Posted by: Supremacy Claus | Mar 13, 2011 9:05:11 AM
It's more complicated than just having mandatory minimums. It's also having disparate criminal statutes that punish essentially the same behavior, but different ways. It's like the old George Carlin joke about committing "six sins with one feel" (Google it). It's a crime to possess marijuana, to possess it with intent to distribute it, to conspire to possess it with intent to distribute it, to use a phone while you're doing it, to transport the money from selling it, and in some states not to pay taxes on it, etc.
Federal child pornography law is the perfect example. It is a crime to possess it, and it is a crime to receive it. For some unfathomable reason, receiving child pornography has a mandatory minimum and a 20-year maximum sentence, while possessing it carries no minimum and a maximum of 10 years. No one's ever been able to explain to me how receipt is realistically more nefarious than possession--after all, if you possess it but didn't receive it, then you must have created it, which is far worse. Anyway, I've never seen a CP case where there wasn't receipt, because it almost always is downloaded from the Internet.
But whether this is actually a problem depends on your perspective. Some people don't mind giving prosecutors the power to determine sentences; after all, prosecutors are charged with enforcing laws, so they they don't mind handing prosecutors the discretion to choose which sentences will apply. Others feel that judges should have the central role in determining punishment, because they stand between the prosecutor and the defendant and are best able to mediate the conflicting interests of the public, victims, and the rights of individual defendants.
Posted by: C.E. | Mar 13, 2011 8:35:11 PM
i have to agree C.E. have never been able to get a straight answer to how having multiple charges for the same 5-10 min of stupidty could possible be legal under the double jeopordy clause of the constitution.
as for the fiction stupidity they are from diff jurisdictions i say BULL SHIT!
you are still putting them into multiple chances to lose their freedom and life for the SAME CRIME... sorry to be legal if you have the same law covering the same bit of stupidity then ONE jurisdiction should be the ONLY one to prosecute.
which brings us full circle to another big big big problem with the sytem. multiple prosecutions for the same crime over and over and over if there is not either a complete conviction or a complete ruling of not guilty!

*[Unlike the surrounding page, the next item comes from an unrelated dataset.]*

(* Let $(B,\alpha_B)$ and $(H,\alpha_H)$ be Hom-coalgebras whose structure maps are morphisms in $\overline{\mathcal H}^{i,j}(Vec_\Bbbk)$ (in particular $\alpha_B,\alpha_H$ bijective), and let $\varphi:B\otimes H\to H\otimes B$, $\varphi(b\otimes h)=\sum h^\varphi\otimes b^\varphi$, be linear with $\varphi\circ(\alpha_B\otimes\alpha_H)=(\alpha_H\otimes\alpha_B)\circ\varphi$. For $n\in\mathbb Z$ define $\ddot\varphi(n)_X:(X\otimes B)\otimes H\to(X\otimes H)\otimes B$, $(x\otimes b)\otimes h\mapsto\sum(x\otimes\alpha_H(h)^\varphi)\otimes\alpha_B^n\big((\alpha_B^{-n-1}(b))^\varphi\big)$ (where $\varphi$ is applied to $\alpha_B^{-n-1}(b)\otimes\alpha_H(h)$). Then $\ddot\varphi(n):\ddot H\ddot B\to\ddot B\ddot H$ is a comonad distributive law if and only if for all $b\in B$, $h\in H$: (M1) $((\varphi\otimes\mathrm{id}_B)\circ(\mathrm{id}_B\otimes\varphi))(\Delta_B(b)\otimes\alpha_H(h))=(\alpha_H\otimes\Delta_B)(\varphi(b\otimes h))$; (M2) $((\mathrm{id}_H\otimes\varphi)\circ(\varphi\otimes\mathrm{id}_H))(\alpha_B(b)\otimes\Delta_H(h))=(\Delta_H\otimes\alpha_B)(\varphi(b\otimes h))$; (M3) $(\varepsilon_H\otimes\mathrm{id}_B)(\varphi(b\otimes h))=\varepsilon_H(h)b$; (M4) $(\mathrm{id}_H\otimes\varepsilon_B)(\varphi(b\otimes h))=\varepsilon_B(b)h$.
   Context: $\Bbbk$ is a field of characteristic $0$; all vector spaces finite-dimensional; $i,j$ fixed integers. $\overline{\mathcal H}^{i,j}(Vec_\Bbbk)$: objects $(X,\alpha_X)$ with $\alpha_X$ a linear automorphism; morphisms linear maps commuting with the $\alpha$'s; tensor $(X\otimes Y,\alpha_X\otimes\alpha_Y)$, unit $(\Bbbk,\mathrm{id})$; $a_{X,Y,Z}((x\otimes y)\otimes z)=\alpha_X^{i+1}(x)\otimes(y\otimes\alpha_Z^{-j-1}(z))$, $l_X(\lambda\otimes x)=\lambda\alpha_X^{j+1}(x)$, $r_X(x\otimes\lambda)=\lambda\alpha_X^{i+1}(x)$. Hom-coalgebra $(C,\alpha,\Delta,\varepsilon)$: $\varepsilon\alpha=\varepsilon$, $\alpha(c_1)\otimes\Delta(c_2)=\Delta(c_1)\otimes\alpha(c_2)$, $\varepsilon(c_1)c_2=c_1\varepsilon(c_2)=\alpha(c)$. For a Hom-coalgebra $C$, $\ddot C=-\otimes C$ is the comonad on $\overline{\mathcal H}^{i,j}(Vec_\Bbbk)$ with comultiplication $x\otimes c\mapsto(\alpha_X(x)\otimes c_1)\otimes\alpha_C^{-1}(c_2)$ and counit $x\otimes c\mapsto\varepsilon_C(c)\alpha_X^{-1}(x)$. A comonad distributive law between comonads $(F,\Delta,\varepsilon)$ and $(G,\delta,\epsilon)$ is a natural $\psi:FG\to GF$ with $G\psi\circ\psi G\circ F\delta=\delta F\circ\psi$, $\psi F\circ F\psi\circ\Delta G=G\Delta\circ\psi$, $G\varepsilon\circ\psi=\varepsilon G$, $\epsilon F\circ\psi=F\epsilon$. *)

theory Defs
  imports Main
begin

sorry that is also illegal under the constution.
Posted by: rodsmith | Mar 14, 2011 2:09:33 AM
MMs and harsh sentencing guidelines empower prosecutors to raise the stakes so high that going to trial becomes too risky to chance it -- even for citizens who are innocent or wrongly accused.

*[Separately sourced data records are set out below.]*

lemma subgroup_BijGroup_PiE: "g \<in> G \<Longrightarrow> g \<in> \<Omega> \<rightarrow>\<^sub>E \<Omega>"
  using Bij_imp_funcset[OF subgroup_BijGroup_Bij] Bij_imp_extensional[OF subgroup_BijGroup_Bij]
  by (auto simp: PiE_iff)

lemma subgroup_BijGroup_id: "(\<lambda>x\<in>\<Omega>. x) \<in> G"
  using subgroup.one_closed[OF G] by (simp add: BijGroup_def)

lemma subgroup_BijGroup_rmult_closed: "g \<in> G \<Longrightarrow> h \<in> G \<Longrightarrow> rmult \<Omega> g h \<in> G"
  using subgroup.m_closed[OF G, of h g] subgroup_BijGroup_Bij
  by (simp add: BijGroup_def rmult_def)

lemma subgroup_BijGroup_inverse:
  assumes "g \<in> G"
  obtains h where "h \<in> G" "\<And>x. x \<in> \<Omega> \<Longrightarrow> h (g x) = x" "\<And>x. x \<in> \<Omega> \<Longrightarrow> g (h x) = x"
proof
  have g: "g \<in> Bij \<Omega>"
    using assms by (rule subgroup_BijGroup_Bij)
  then have bij: "bij_betw g \<Omega> \<Omega>"
    by (simp add: Bij_def)
  show "(\<lambda>x\<in>\<Omega>. inv_into \<Omega> g x) \<in> G"
    using subgroup.m_inv_closed[OF G assms] inv_BijGroup[OF g] by simp
  show "(\<lambda>x\<in>\<Omega>. inv_into \<Omega> g x) (g x) = x" if "x \<in> \<Omega>" for x
    using that bij bij_betw_imp_inj_on bij_betw_apply by fastforce
  show "g ((\<lambda>x\<in>\<Omega>. inv_into \<Omega> g x) x) = x" if "x \<in> \<Omega>" for x
    using that bij by (simp add: bij_betw_def f_inv_into_f)
qed

lemma gen_semigroup_insert_cases:
  assumes "finite \<Omega>" and t: "t \<in> \<Omega> \<rightarrow>\<^sub>E \<Omega>" and "s \<in> gen_semigroup \<Omega> (G \<union> {t})"
  shows "s \<in> \<Omega> \<rightarrow>\<^sub>E \<Omega> \<and> (s \<in> G \<or> rank \<Omega> s \<le> rank \<Omega> t)"
  using assms(3)
proof (induction rule: gen_semigroup.induct)
  case (gen_base s)
  then show ?case
    using subgroup_BijGroup_PiE t by auto
next
  case (gen_mult a b)
  have a: "a \<in> \<Omega> \<rightarrow>\<^sub>E \<Omega>" and b: "b \<in> \<Omega> \<rightarrow>\<^sub>E \<Omega>"
    using gen_mult.IH by blast+
  then have "a ` \<Omega> \<subseteq> \<Omega>"
    by (auto simp: PiE_iff)
  then have "rank \<Omega> (rmult \<Omega> a b) \<le> rank \<Omega> a" "rank \<Omega> (rmult \<Omega> a b) \<le> rank \<Omega> b"
    using \<open>finite \<Omega>\<close> by (simp_all only: rank_rmult_le_left rank_rmult_le_right)
  moreover have "rmult \<Omega> a b \<in> G" if "a \<in> G" "b \<in> G"
    using that by (rule subgroup_BijGroup_rmult_closed)
  ultimately show ?case
    using gen_mult.IH rmult_PiE[OF a b] by (meson le_trans)
qed

end

definition image_section :: "'a set \<Rightarrow> ('a \<Rightarrow> 'a) \<Rightarrow> ('a \<Rightarrow> 'a) \<Rightarrow> bool" where
  "image_section \<Omega> s h \<longleftrightarrow> (\<forall>y\<in>s ` \<Omega>. h y \<in> \<Omega> \<and> s (h y) = y)"

lemma idempotent_rmult_image_section:
  assumes "image_section \<Omega> s h"
  shows "rmult \<Omega> (rmult \<Omega> s h) (rmult \<Omega> s h) = rmult \<Omega> s h"
  by (rule rmult_eqI[OF rmult_extensional]) (use assms in \<open>simp add: image_section_def\<close>)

What's remarkable here is that it's taken Oregon a very long time (and a budget crisis) to figure that out.
Create a few more MMs and toughen up sentencing guidelines (as some learning-disabled Oregon lawmakers still seem eager to do) and soon trials, relatively rare occurrences now, might become extinct altogether.
Great news for the Legion of Congenital Scolds and Stern Disciplinarians (which typically is well-represented in this blog), but for some of the rest of us it's beginning to feel a little tyrannical out here.